De verpleegster kwam terug binnen en liet weten dat er geen zakdoeken waren. Ze gaf me een paar ruwe servetten. Geen zakdoeken? Welk ziekenhuis heeft er nu geen zakdoeken? Hoe absurd! Ik merkte op dat ik terug alleen was. Ik staarde verder naar buiten en in de kamer. Ik bedacht me dat de kamer nog niet zo ongezellig was voor een ziekenhuiskamer. Het rook er ook niet naar ziekenhuis. Ik vroeg me af of het raam naar het terras open kon. De blauwe deur ging zachtjes open en ik voelde dat ik verstijfde, ik was helemaal niet klaar voor nog vragen. Ik keek opzij en zag mijn man binnenkomen. Ik herademde en voelde de spanning mijn lichaam verlaten. 

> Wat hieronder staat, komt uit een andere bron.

(* Let $\hat{\mathsf A}$ be a $\chi\times\chi$ matrix with entries in $\mathcal A$, and let $A_0=\langle\hat 1,\hat{\mathsf A}\rangle$ be the complex matrix of its identity components. If every eigenvalue of the transfer matrix $T_A$ lies strictly inside the unit disk, then every eigenvalue of $A_0$ lies strictly inside the unit disk.
   Context: $\mathcal A$ is the algebra of operators on $\mathbb C^q$ with inner product $\langle\hat A,\hat B\rangle=\mathrm{Tr}[\hat A^\dagger\hat B]/\mathrm{Tr}[\hat 1]$ and an orthonormal basis $\{\hat O_\alpha\}$ with $\hat O_0=\hat 1$. Writing $\hat{\mathsf A}=\sum_\alpha\hat O_\alpha A_\alpha$ with $(A_\alpha)_{ab}=\langle\hat O_\alpha,\hat{\mathsf A}_{ab}\rangle$ (so $A_0=\langle\hat 1,\hat{\mathsf A}\rangle$ entrywise), the transfer matrix is $T_A=\sum_\alpha\overline{A_\alpha}\otimes A_\alpha$. *)

theory Defs
  imports Complex_Main "Jordan_Normal_Form.Matrix" "Jordan_Normal_Form.Char_Poly"
begin

(* Operators on C^q are represented as q x q complex matrices (complex mat in carrier_mat q q). *)

(* Normalized Hilbert-Schmidt inner product <A,B> = Tr[A^dagger B] / Tr[1] on q x q matrices *)
definition hs_inner :: "nat \<Rightarrow> complex mat \<Rightarrow> complex mat \<Rightarrow> complex" where
  "hs_inner q A B = (\<Sum>i<q. \<Sum>j<q. cnj (A $$ (i, j)) * B $$ (i, j)) / of_nat q"

definition orthonormal_operator_basis :: "nat \<Rightarrow> (nat \<Rightarrow> complex mat) \<Rightarrow> bool" where
  "orthonormal_operator_basis q Ob \<longleftrightarrow>
     (\<forall>\<alpha><q^2. Ob \<alpha> \<in> carrier_mat q q) \<and>
     (\<forall>\<alpha><q^2. \<forall>\<beta><q^2. hs_inner q (Ob \<alpha>) (Ob \<beta>) = (if \<alpha> = \<beta> then 1 else 0)) \<and>
     Ob 0 = 1\<^sub>m q"

definition component_mat :: "nat \<Rightarrow> nat \<Rightarrow> (nat \<Rightarrow> complex mat) \<Rightarrow> (nat \<Rightarrow> nat \<Rightarrow> complex mat) \<Rightarrow> nat \<Rightarrow> complex mat" where
  "component_mat q \<chi> Ob AA \<alpha> = mat \<chi> \<chi> (\<lambda>(a, b). hs_inner q (Ob \<alpha>) (AA a b))"

definition conj_mat :: "complex mat \<Rightarrow> complex mat" where
  "conj_mat A = map_mat cnj A"

definition kron :: "'a :: times mat \<Rightarrow> 'a mat \<Rightarrow> 'a mat" where
  "kron A B = mat (dim_row A * dim_row B) (dim_col A * dim_col B)
     (\<lambda>(i, j). A $$ (i div dim_row B, j div dim_col B) * B $$ (i mod dim_row B, j mod dim_col B))"

(* transfer matrix T_A = sum_alpha conj(A_alpha) (x) A_alpha, a chi^2 x chi^2 matrix
   (the matrix sum is written entrywise) *)
definition transfer_mat :: "nat \<Rightarrow> nat \<Rightarrow> (nat \<Rightarrow> complex mat) \<Rightarrow> (nat \<Rightarrow> nat \<Rightarrow> complex mat) \<Rightarrow> complex mat" where
  "transfer_mat q \<chi> Ob AA = mat (\<chi> * \<chi>) (\<chi> * \<chi>)
     (\<lambda>ij. \<Sum>\<alpha><q^2. kron (conj_mat (component_mat q \<chi> Ob AA \<alpha>)) (component_mat q \<chi> Ob AA \<alpha>) $$ ij)"

end

theory Submission
  imports Defs "Jordan_Normal_Form.Spectral_Radius"
begin

text \<open>Let \<open>A\<^sub>0 w = z w\<close> with \<open>w \<noteq> 0\<close> and put \<open>x = conj w \<otimes> w\<close>. Every summand
  \<open>conj A\<^sub>\<alpha> \<otimes> A\<^sub>\<alpha>\<close> of \<open>T\<close> maps the cone of (vectorised) positive semidefinite matrices into
  itself, and the summand \<open>\<alpha> = 0\<close> maps \<open>x\<close> to \<open>\<bar>z\<bar>\<^sup>2 x\<close>; hence \<open>T\<^sup>k x - \<bar>z\<bar>\<^bsup>2k\<^esup> x\<close>
  stays in the cone. Pairing with \<open>w \<otimes> conj w\<close>, which is nonnegative on the cone, gives
  \<open>\<langle>w \<otimes> conj w, T\<^sup>k x\<rangle> \<ge> \<bar>z\<bar>\<^bsup>2k\<^esup> \<parallel>w\<parallel>\<^sup>4\<close>, while the entries of \<open>T\<^sup>k\<close> are \<open>O(s\<^sup>k)\<close> for
  every \<open>s\<close> above the spectral radius of \<open>T\<close>. So \<open>\<bar>z\<bar>\<^sup>2 \<le> \<rho>(T) < 1\<close>.\<close>

lemma sum_lessThan_mult_split:
  fixes m n :: nat
  shows "(\<Sum>i<m * n. f i) = (\<Sum>a<m. \<Sum>b<n. f (a * n + b))"
proof -
  have "(\<Sum>i<m * n. f i) = (\<Sum>a<m. \<Sum>i\<in>{a * n..<a * n + n}. f i)"
    using sum.nat_group[of f n m] by simp
  also have "\<dots> = (\<Sum>a<m. \<Sum>b<n. f (a * n + b))"
    by (subst sum.atLeastLessThan_shift_0) (simp add: atLeast0LessThan)
  finally show ?thesis .
qed

lemma pair_index_less:
  fixes a b m n :: nat
  assumes "a < m" "b < n"
  shows "a * n + b < m * n"
proof -
  have "a * n + b < Suc a * n" using assms(2) by simp
  also have "\<dots> \<le> m * n" using assms(1) by (intro mult_right_mono) auto
  finally show ?thesis .
qed

definition kron_vec :: "'a :: times vec \<Rightarrow> 'a vec \<Rightarrow> 'a vec" where
  "kron_vec v w = vec (dim_vec v * dim_vec w) (\<lambda>i. v $ (i div dim_vec w) * w $ (i mod dim_vec w))"

lemma dim_kron_vec [simp]: "dim_vec (kron_vec v w) = dim_vec v * dim_vec w"
  by (simp add: kron_vec_def)

lemma kron_vec_carrier [simp]:
  "v \<in> carrier_vec m \<Longrightarrow> w \<in> carrier_vec n \<Longrightarrow> kron_vec v w \<in> carrier_vec (m * n)"
  by (intro carrier_vecI) (simp add: carrier_vecD)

De uren nadien werd er gepraat, gehuild, geknuffeld, gepland, gerust maar niet berust in de situatie. We stelden veel vragen aan verschillende verpleegsters en vroegen om een dokter te zien. We wachtten. Noteerden vragen. Lieten Google Translate die vragen vertalen. Tot de zon buiten niet meer scheen en het plots helemaal donker was. Die dokter die zou komen? Die was nog altijd niet geweest en mijn man moest terug naar onze quinta. Zonder zakdoeken en met een hoofd gevuld met nog meer vragen - deze keer al voor een groot deel in Spaans vertaald - bleef ik achter op de kamer. De kamer waar ik de komende vier dagen zou leven en overleven. 

De kamer die zich zou gaan vullen met onbeschrijfelijk veel liefde en de ergste pijn die je je maar kunt inbeelden. De kamer waarin ik elke nacht en elke ochtend huilend zou ontwaken in een nachtmerrie. De kamer waar zowel meelevende als onwetende mensen zouden binnenkomen. De kamer waar ik moest wachten tot de baby in mijn buik zou sterven. Tot jouw hartje zou stoppen met kloppen, lieve Robin*.